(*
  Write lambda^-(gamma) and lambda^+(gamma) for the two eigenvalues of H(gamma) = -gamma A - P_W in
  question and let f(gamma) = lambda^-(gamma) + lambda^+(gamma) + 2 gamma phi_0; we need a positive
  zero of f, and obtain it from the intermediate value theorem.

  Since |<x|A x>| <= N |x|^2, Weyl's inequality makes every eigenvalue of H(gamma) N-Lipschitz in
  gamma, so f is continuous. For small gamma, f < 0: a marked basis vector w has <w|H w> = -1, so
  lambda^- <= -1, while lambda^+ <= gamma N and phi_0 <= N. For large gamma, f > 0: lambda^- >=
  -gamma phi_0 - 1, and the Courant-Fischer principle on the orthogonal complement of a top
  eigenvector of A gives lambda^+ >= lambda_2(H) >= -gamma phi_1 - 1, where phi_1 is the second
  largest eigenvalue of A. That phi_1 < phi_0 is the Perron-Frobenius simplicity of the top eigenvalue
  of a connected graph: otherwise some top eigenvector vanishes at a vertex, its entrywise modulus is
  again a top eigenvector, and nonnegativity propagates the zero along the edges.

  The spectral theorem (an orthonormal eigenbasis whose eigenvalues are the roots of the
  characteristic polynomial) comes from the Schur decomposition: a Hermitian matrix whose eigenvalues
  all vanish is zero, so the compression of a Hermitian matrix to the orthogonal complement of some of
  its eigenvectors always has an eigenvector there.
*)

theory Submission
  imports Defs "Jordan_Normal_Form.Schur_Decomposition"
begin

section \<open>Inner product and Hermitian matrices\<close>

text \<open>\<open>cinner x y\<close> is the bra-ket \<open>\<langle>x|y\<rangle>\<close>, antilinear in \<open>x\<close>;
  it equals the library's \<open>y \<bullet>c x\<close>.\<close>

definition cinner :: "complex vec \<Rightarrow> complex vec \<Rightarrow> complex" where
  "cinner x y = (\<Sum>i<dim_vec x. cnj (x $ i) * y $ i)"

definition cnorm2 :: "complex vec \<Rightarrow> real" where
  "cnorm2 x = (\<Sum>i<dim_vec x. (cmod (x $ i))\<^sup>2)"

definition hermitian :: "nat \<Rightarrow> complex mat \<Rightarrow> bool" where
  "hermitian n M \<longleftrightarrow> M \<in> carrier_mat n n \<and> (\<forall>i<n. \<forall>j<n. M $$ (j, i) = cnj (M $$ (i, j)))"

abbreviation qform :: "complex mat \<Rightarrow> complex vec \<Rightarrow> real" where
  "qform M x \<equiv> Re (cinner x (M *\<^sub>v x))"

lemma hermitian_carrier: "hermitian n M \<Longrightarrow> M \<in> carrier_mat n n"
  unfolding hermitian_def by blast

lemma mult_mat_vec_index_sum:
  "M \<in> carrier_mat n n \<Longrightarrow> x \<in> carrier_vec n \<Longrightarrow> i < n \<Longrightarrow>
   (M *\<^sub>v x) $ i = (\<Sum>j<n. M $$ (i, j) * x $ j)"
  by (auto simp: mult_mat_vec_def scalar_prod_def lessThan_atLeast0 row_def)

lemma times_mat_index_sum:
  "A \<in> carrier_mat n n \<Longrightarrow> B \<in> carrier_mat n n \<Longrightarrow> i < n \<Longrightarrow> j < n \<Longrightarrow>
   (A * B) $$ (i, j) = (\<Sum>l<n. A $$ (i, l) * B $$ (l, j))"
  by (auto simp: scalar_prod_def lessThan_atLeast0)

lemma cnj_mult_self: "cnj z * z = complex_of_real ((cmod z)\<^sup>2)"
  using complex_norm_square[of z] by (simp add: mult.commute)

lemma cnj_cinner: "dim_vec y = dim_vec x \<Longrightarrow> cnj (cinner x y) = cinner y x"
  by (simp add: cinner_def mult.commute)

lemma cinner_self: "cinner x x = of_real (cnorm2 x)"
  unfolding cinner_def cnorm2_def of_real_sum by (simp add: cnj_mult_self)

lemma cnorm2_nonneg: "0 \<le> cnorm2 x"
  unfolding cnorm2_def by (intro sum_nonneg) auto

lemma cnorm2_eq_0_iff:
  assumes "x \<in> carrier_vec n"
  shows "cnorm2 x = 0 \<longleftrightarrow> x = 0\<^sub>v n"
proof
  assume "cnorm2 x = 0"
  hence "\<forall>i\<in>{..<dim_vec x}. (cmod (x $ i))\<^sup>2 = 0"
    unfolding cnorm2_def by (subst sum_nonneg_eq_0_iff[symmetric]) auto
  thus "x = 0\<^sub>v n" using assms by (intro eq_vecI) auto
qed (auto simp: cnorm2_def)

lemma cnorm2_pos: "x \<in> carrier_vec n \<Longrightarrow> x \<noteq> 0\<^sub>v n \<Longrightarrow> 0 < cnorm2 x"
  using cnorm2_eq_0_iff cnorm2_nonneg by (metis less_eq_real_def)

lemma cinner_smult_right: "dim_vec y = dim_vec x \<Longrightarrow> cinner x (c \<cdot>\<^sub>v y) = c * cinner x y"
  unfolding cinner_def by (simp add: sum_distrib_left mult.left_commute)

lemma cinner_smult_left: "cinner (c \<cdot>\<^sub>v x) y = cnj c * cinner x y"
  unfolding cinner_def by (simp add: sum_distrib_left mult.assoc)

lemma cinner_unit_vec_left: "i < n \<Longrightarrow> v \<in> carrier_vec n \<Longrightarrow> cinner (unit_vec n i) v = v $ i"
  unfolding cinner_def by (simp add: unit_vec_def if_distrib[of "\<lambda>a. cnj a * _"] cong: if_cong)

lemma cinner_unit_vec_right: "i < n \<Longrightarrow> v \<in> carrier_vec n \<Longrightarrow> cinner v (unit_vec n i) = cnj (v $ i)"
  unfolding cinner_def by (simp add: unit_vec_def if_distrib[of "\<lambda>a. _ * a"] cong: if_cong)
==
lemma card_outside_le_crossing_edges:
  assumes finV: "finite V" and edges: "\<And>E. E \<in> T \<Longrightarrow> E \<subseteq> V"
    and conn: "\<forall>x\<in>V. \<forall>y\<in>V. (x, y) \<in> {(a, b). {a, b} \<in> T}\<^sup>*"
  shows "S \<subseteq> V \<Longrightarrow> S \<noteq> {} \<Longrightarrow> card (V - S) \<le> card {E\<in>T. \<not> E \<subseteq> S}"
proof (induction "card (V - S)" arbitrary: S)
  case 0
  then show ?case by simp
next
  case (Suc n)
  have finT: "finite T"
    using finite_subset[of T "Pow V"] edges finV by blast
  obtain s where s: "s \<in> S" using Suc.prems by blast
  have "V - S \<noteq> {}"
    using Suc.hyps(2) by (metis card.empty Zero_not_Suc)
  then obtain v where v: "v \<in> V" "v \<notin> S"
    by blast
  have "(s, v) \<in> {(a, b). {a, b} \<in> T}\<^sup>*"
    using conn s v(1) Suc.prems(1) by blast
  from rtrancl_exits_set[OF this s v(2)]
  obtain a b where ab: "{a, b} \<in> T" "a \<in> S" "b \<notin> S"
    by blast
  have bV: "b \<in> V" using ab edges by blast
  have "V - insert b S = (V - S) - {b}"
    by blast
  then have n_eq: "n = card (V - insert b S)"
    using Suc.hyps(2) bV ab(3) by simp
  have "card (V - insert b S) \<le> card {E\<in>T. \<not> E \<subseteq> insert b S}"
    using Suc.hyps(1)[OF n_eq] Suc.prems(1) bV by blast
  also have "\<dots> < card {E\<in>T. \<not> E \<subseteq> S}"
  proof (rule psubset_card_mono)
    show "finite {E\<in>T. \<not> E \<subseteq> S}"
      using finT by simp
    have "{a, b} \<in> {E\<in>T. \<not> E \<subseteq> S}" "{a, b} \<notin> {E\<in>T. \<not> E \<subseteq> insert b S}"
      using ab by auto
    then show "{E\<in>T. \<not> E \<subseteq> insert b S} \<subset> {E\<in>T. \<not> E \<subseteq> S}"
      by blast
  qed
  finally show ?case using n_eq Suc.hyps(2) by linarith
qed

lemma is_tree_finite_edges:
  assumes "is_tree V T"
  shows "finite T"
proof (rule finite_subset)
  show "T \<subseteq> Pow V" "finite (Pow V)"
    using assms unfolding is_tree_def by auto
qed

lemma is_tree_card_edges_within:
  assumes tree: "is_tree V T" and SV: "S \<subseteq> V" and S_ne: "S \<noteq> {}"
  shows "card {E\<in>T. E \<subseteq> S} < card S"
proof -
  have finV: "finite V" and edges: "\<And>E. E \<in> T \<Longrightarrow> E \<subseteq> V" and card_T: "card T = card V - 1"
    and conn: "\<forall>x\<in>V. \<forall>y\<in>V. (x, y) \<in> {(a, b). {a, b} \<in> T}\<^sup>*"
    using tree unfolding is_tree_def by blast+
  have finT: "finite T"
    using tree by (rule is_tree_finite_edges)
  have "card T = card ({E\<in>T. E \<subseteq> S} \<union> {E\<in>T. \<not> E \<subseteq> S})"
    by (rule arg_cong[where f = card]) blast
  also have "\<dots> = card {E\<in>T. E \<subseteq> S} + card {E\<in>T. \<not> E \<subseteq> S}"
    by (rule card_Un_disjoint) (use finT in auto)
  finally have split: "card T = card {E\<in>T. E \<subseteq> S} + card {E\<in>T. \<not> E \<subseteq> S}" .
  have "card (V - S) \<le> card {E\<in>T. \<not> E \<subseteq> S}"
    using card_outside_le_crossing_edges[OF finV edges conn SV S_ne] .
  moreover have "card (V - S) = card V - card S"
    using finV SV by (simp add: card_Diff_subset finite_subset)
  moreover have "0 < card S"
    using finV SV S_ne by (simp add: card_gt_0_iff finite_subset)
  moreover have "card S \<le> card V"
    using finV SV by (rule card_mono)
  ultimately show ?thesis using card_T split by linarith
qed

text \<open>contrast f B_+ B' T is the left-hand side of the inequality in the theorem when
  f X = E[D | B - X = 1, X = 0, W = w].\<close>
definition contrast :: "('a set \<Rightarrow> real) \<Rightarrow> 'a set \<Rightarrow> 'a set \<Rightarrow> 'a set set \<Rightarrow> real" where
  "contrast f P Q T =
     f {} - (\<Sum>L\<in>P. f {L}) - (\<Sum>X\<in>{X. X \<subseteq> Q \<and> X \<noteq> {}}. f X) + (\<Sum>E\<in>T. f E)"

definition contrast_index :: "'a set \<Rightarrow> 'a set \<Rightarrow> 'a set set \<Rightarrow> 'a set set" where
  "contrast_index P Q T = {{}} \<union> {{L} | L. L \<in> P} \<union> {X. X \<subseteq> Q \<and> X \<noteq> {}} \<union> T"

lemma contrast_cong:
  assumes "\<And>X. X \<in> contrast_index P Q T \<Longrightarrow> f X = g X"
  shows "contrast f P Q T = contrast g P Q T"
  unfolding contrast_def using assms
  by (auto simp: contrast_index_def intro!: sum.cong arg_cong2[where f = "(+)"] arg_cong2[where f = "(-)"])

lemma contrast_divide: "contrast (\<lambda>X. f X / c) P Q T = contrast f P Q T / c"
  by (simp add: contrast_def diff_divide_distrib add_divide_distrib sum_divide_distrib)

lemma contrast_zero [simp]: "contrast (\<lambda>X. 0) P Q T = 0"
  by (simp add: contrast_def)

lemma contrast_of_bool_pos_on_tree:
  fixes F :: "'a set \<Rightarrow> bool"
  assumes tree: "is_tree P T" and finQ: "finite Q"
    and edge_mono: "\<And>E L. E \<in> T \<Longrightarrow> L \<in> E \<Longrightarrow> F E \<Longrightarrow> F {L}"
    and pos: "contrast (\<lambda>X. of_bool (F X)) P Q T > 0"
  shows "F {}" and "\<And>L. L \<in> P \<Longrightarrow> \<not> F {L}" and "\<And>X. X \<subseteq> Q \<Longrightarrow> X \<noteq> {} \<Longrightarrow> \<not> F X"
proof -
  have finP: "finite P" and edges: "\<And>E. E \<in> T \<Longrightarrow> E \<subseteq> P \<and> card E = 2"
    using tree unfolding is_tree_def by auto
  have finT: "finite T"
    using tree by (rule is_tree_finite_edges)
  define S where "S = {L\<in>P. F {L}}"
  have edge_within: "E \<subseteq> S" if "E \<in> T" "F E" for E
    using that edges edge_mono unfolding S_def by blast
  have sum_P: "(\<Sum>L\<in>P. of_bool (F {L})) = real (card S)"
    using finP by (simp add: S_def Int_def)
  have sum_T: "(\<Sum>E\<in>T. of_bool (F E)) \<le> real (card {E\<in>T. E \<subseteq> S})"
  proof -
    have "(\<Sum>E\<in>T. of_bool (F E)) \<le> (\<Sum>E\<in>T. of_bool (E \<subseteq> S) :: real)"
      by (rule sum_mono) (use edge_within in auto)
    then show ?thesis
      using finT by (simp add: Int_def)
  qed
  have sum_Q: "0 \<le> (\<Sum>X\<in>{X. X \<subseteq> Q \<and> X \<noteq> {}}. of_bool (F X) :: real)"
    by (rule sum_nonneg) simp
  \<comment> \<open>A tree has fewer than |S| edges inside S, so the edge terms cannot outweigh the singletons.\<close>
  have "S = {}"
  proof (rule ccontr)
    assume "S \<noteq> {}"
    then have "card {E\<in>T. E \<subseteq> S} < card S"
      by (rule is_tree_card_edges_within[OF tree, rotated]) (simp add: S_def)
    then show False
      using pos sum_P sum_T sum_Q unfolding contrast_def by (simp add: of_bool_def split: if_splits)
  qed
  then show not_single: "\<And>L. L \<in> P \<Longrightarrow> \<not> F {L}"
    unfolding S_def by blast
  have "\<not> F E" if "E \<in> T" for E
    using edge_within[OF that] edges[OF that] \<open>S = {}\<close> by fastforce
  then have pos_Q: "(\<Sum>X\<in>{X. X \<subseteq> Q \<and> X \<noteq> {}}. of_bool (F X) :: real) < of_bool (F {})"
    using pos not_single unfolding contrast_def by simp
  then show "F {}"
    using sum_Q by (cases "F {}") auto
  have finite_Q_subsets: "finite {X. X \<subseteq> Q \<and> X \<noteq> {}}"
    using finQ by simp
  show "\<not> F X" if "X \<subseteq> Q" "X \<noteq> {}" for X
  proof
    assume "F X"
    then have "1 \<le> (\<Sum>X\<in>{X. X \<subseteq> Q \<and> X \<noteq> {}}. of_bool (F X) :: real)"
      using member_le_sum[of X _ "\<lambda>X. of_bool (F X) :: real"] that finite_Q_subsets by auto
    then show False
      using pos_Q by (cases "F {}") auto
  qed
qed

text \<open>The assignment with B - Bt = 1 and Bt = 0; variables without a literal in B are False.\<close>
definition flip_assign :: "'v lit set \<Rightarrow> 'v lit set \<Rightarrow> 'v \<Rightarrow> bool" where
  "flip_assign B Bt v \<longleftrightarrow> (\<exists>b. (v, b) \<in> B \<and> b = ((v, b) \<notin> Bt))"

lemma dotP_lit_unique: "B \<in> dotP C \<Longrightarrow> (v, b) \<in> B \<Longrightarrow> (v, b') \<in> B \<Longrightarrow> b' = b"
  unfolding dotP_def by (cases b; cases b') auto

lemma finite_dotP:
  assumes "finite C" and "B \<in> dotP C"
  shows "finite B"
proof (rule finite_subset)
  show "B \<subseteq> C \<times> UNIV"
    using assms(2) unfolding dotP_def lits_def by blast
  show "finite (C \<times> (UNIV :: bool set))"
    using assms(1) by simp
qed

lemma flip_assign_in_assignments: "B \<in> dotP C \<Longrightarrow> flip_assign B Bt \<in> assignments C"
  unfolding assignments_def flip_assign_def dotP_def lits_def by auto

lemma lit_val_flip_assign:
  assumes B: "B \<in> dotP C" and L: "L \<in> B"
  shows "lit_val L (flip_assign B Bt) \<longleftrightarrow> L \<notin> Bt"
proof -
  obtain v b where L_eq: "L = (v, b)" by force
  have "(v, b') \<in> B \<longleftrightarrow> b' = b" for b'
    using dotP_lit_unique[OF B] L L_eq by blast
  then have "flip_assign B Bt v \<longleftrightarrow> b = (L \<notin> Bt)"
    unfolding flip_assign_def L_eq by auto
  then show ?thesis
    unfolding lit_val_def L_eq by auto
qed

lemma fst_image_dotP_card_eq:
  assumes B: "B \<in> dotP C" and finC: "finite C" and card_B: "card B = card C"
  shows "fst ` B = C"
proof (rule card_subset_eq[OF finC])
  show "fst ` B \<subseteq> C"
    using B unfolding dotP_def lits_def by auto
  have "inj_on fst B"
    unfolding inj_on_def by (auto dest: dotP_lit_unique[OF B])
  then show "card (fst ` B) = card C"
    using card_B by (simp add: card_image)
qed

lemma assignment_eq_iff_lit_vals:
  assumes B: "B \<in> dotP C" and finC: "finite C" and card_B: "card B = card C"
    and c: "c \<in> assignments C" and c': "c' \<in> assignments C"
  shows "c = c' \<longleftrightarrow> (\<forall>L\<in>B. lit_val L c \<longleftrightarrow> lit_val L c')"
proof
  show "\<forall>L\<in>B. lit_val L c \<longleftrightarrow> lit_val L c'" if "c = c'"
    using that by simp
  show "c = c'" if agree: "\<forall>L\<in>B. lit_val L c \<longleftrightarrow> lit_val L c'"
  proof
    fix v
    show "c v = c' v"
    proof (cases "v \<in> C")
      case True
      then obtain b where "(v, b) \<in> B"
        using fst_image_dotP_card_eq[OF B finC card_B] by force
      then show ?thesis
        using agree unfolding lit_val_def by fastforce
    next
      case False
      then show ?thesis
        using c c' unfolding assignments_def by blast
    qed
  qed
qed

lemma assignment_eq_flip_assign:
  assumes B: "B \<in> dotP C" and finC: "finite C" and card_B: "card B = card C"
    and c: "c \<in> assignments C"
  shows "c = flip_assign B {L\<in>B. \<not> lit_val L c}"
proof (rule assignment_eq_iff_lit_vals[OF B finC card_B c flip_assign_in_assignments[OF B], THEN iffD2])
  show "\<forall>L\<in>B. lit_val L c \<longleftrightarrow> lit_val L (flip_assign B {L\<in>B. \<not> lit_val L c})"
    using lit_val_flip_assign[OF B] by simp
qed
---
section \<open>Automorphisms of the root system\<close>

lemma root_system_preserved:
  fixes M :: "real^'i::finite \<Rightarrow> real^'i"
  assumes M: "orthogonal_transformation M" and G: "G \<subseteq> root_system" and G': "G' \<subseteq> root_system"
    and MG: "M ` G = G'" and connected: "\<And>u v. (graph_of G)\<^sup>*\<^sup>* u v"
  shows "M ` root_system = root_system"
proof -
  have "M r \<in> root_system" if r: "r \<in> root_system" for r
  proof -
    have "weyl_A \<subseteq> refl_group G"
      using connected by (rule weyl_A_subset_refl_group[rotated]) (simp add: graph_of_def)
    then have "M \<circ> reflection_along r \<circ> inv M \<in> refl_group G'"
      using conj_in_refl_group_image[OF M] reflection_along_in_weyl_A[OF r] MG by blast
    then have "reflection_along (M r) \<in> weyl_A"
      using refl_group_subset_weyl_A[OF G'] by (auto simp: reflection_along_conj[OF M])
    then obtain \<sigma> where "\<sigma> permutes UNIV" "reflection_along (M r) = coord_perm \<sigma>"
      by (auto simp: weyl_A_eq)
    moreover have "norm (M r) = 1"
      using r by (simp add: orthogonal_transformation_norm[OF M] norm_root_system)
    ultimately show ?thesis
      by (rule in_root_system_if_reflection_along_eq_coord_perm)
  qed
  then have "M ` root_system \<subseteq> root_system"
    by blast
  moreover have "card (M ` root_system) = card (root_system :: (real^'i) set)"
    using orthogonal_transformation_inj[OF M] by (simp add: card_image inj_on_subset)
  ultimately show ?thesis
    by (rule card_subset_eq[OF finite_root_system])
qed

▶ **Task to carry out**
Return the lines of the records that include the string "union".

▶ **Reply to the task**
  have "card T = card ({E\<in>T. E \<subseteq> S} \<union> {E\<in>T. \<not> E \<subseteq> S})"
  "contrast_index P Q T = {{}} \<union> {{L} | L. L \<in> P} \<union> {X. X \<subseteq> Q \<and> X \<noteq> {}} \<union> T"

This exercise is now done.